### PROBLEM
Lines with "delta": how many are there in the listing below? Reply with the number only.
■ ■ ■
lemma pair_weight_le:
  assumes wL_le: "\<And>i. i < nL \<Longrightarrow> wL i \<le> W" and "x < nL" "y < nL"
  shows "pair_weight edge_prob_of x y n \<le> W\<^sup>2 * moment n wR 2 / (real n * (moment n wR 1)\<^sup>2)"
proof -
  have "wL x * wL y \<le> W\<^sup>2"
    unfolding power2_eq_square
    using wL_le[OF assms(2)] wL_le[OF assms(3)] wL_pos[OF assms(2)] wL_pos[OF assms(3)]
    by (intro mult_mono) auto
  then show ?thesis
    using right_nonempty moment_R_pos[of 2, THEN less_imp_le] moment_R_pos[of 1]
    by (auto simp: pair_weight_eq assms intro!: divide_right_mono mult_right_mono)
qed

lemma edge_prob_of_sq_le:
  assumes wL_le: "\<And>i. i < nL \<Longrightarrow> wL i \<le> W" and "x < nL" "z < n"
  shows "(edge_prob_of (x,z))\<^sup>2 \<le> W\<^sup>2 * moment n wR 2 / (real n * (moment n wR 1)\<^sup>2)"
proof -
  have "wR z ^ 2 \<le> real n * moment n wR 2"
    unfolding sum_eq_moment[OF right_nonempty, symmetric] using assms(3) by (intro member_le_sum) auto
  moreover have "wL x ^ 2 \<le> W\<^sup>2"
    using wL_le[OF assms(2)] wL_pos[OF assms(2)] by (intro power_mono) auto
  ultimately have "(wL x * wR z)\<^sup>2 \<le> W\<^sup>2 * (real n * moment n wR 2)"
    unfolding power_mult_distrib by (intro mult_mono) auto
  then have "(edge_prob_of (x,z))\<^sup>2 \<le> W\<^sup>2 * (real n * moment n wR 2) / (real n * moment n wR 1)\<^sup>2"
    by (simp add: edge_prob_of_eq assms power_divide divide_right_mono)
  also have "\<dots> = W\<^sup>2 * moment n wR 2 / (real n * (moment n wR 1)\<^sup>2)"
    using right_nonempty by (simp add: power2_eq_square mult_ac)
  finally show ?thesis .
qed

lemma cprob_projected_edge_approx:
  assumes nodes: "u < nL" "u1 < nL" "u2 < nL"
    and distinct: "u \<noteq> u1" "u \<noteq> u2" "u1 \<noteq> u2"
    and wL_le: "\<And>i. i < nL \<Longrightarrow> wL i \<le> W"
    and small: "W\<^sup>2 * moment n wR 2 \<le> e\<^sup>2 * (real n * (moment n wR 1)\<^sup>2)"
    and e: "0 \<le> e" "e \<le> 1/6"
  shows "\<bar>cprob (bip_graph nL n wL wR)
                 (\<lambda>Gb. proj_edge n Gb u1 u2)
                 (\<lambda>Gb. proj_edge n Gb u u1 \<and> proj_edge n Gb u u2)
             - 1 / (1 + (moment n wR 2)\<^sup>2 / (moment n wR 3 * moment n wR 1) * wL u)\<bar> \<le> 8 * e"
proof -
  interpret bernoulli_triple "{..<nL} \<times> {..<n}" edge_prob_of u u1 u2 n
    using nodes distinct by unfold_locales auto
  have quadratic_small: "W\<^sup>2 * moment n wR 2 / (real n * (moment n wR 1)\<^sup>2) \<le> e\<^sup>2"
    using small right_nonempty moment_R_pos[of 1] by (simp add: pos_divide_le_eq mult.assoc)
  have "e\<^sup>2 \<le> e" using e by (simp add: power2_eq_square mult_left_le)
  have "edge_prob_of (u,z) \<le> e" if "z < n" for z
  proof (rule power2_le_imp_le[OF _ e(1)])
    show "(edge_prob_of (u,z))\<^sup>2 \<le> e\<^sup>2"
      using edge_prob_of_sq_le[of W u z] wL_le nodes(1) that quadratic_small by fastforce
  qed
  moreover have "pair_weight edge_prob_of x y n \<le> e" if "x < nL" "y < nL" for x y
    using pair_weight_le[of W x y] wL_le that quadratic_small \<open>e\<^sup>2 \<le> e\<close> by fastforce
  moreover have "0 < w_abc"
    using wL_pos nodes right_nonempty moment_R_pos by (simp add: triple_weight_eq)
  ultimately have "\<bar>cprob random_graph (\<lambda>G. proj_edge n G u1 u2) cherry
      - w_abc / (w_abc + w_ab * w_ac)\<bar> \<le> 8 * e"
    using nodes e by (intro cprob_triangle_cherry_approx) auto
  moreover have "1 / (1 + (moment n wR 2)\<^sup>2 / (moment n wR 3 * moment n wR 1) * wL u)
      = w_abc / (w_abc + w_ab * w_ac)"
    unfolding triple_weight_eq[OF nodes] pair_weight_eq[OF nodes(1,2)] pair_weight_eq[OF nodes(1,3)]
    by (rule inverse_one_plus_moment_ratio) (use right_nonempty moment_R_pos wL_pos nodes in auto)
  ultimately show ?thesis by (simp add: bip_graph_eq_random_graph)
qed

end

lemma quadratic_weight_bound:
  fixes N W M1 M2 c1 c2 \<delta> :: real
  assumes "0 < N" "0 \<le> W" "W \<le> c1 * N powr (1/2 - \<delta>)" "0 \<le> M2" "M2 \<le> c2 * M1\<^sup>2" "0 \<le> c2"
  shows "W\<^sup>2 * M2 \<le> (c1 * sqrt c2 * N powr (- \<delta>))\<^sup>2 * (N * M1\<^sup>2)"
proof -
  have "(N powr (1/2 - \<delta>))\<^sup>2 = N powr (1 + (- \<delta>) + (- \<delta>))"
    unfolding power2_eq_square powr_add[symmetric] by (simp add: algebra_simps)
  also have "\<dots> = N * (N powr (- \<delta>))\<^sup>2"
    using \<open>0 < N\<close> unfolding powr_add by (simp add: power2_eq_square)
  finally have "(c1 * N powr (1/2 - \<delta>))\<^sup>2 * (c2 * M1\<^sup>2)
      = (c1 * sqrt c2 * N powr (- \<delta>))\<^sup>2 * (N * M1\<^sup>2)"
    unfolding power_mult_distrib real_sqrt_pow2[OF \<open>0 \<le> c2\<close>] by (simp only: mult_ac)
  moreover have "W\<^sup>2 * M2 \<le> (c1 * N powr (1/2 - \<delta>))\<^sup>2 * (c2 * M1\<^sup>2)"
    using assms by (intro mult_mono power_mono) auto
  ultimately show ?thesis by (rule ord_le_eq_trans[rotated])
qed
■ ■ ■
### RESULT BELOW
8